> _EXERCISE PROMPT_: Find each line below that includes "intro", then copy it.

> _DATA UNDER STUDY_:

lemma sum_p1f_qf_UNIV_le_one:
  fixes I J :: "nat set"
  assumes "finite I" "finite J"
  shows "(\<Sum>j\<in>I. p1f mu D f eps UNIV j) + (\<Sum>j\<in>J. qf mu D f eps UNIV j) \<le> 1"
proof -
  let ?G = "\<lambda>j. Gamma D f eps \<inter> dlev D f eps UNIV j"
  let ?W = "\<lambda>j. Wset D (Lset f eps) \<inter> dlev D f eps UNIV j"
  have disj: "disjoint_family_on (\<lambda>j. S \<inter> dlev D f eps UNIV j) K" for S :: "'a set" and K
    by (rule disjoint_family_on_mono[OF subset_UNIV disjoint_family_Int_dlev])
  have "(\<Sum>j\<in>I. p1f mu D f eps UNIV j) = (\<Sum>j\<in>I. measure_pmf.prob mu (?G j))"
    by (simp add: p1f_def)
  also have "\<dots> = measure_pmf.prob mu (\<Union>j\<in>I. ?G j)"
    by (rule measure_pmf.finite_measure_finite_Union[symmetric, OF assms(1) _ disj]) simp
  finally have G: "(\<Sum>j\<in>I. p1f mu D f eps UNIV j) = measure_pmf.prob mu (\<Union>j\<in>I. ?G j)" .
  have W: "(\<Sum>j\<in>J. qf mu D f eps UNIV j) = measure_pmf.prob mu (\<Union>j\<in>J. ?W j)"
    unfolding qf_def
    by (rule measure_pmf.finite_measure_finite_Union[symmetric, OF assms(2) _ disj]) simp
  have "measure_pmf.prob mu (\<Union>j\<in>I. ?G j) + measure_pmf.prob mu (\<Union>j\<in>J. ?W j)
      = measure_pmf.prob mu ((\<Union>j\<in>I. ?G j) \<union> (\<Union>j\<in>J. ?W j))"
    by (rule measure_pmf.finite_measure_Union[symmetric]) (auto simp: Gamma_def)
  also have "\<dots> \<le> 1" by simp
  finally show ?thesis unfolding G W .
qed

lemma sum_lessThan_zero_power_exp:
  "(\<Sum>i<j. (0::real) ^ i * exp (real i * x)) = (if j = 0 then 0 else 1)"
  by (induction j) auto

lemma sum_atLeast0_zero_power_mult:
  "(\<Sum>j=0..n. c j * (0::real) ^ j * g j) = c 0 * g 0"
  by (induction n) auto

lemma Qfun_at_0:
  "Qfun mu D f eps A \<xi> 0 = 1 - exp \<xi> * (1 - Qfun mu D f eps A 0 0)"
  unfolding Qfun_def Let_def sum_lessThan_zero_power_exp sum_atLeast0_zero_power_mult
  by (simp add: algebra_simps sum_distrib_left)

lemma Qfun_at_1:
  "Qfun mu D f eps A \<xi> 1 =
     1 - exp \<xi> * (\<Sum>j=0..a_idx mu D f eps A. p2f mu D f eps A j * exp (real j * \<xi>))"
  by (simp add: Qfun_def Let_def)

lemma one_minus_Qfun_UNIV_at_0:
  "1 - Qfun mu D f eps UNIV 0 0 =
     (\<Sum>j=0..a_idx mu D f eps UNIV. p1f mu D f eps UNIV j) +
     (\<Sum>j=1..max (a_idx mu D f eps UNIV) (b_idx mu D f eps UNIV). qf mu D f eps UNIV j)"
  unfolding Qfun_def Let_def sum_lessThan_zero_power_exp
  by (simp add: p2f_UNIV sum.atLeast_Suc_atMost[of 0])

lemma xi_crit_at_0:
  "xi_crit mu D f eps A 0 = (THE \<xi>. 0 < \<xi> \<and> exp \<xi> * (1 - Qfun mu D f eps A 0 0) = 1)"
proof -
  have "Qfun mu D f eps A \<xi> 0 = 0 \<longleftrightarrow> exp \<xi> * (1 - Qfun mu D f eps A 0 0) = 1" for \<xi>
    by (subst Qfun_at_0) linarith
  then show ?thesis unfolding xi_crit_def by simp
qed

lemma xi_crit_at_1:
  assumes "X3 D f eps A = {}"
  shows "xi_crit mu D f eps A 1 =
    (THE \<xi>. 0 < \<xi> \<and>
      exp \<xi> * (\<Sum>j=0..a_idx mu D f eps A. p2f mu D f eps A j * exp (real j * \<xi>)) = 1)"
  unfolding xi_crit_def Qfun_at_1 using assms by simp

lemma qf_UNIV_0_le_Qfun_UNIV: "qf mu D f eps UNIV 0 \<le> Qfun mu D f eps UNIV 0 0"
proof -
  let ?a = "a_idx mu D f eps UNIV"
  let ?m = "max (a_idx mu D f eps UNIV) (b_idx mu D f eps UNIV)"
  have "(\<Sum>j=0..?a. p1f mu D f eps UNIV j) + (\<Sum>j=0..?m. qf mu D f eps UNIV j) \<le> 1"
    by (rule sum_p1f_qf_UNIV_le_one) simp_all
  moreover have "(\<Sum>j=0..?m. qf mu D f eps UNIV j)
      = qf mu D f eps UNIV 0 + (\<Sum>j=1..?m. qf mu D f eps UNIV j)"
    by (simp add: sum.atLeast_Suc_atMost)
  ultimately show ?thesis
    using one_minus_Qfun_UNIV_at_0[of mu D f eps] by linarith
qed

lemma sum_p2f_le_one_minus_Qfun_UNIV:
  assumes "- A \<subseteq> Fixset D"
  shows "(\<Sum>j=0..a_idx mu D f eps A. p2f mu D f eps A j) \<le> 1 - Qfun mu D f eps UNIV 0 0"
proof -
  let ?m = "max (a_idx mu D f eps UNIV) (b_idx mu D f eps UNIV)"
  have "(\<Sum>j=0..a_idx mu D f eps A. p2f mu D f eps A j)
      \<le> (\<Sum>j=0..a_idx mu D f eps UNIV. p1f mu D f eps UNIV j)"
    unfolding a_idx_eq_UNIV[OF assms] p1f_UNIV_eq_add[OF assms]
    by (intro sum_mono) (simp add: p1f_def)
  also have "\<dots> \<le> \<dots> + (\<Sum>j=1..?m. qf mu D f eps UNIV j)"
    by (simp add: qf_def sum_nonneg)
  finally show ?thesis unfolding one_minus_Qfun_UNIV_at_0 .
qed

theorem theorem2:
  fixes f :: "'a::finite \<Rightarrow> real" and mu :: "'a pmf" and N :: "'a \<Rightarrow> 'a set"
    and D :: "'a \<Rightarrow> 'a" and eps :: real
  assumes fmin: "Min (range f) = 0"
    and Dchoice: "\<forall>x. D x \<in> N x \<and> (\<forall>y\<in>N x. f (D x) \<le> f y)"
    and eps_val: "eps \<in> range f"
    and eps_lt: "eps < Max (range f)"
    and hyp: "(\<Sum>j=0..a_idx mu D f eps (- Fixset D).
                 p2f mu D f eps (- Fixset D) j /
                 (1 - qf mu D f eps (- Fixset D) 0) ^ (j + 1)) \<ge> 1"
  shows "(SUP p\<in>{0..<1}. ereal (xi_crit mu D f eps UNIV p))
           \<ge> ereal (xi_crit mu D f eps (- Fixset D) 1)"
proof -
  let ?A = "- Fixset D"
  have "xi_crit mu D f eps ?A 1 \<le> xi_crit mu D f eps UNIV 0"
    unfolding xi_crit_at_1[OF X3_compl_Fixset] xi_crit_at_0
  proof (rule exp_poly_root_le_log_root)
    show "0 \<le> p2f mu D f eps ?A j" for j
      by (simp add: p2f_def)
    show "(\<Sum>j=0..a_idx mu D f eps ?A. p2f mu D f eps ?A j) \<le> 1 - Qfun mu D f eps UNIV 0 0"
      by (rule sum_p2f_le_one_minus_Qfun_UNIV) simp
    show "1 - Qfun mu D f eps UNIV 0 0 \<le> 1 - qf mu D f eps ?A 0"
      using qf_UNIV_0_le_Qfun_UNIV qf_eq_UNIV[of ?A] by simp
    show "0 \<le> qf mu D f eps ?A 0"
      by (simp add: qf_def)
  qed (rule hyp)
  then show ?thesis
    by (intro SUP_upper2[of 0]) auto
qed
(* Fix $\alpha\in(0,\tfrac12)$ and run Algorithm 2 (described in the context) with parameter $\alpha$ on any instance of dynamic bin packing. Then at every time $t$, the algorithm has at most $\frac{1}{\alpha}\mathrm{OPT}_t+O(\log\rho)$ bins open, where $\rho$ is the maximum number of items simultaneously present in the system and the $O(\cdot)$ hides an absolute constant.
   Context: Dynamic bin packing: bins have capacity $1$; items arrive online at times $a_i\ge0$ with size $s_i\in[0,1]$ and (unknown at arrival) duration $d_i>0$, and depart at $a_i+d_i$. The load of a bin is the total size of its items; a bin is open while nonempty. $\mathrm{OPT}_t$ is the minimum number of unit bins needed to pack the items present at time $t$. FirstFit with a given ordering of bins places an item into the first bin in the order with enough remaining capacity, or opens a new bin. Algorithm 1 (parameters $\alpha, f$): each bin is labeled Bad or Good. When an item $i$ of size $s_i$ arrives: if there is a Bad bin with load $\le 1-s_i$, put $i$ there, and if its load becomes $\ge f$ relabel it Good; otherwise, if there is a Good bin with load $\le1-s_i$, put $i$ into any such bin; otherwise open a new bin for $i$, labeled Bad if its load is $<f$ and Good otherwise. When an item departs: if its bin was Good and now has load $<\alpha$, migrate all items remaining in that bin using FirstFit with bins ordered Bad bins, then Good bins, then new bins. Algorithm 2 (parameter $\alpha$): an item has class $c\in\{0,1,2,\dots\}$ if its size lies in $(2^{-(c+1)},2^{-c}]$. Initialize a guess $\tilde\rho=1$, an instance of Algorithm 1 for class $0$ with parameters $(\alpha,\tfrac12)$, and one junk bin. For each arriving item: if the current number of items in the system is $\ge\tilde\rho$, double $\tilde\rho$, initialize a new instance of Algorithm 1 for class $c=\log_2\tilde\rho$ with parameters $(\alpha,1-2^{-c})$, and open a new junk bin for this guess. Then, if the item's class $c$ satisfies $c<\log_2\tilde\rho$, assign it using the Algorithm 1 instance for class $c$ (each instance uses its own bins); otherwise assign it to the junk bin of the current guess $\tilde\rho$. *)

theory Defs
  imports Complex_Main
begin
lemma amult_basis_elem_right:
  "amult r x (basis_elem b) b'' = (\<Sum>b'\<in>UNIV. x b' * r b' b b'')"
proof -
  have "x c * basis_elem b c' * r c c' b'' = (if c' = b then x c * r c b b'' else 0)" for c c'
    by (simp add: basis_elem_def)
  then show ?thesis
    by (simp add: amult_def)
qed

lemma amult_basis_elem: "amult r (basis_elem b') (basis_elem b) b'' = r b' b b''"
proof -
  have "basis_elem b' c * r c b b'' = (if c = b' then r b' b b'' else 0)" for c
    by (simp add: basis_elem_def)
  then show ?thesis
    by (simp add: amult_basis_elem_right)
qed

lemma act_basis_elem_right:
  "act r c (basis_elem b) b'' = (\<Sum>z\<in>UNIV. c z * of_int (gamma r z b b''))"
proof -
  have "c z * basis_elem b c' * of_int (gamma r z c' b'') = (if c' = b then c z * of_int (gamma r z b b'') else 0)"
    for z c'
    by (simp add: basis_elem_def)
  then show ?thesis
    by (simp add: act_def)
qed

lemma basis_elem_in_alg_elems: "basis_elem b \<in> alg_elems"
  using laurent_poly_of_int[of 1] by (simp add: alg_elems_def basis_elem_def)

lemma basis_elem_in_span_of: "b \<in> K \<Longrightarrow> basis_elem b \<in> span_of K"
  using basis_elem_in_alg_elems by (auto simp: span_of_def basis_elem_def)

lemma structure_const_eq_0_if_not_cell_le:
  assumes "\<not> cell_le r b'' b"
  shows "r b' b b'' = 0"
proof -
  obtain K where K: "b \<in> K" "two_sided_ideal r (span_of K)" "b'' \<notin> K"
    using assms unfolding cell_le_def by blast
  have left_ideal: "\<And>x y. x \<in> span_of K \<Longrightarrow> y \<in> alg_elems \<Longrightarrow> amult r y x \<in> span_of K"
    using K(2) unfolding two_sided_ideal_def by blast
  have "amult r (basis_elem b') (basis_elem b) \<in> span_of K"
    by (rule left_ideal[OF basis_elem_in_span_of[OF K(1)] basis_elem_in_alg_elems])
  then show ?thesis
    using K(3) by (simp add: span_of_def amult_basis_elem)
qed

> _WRITTEN RESPONSE_:
    by (intro sum_mono) (simp add: p1f_def)
    by (intro SUP_upper2[of 0]) auto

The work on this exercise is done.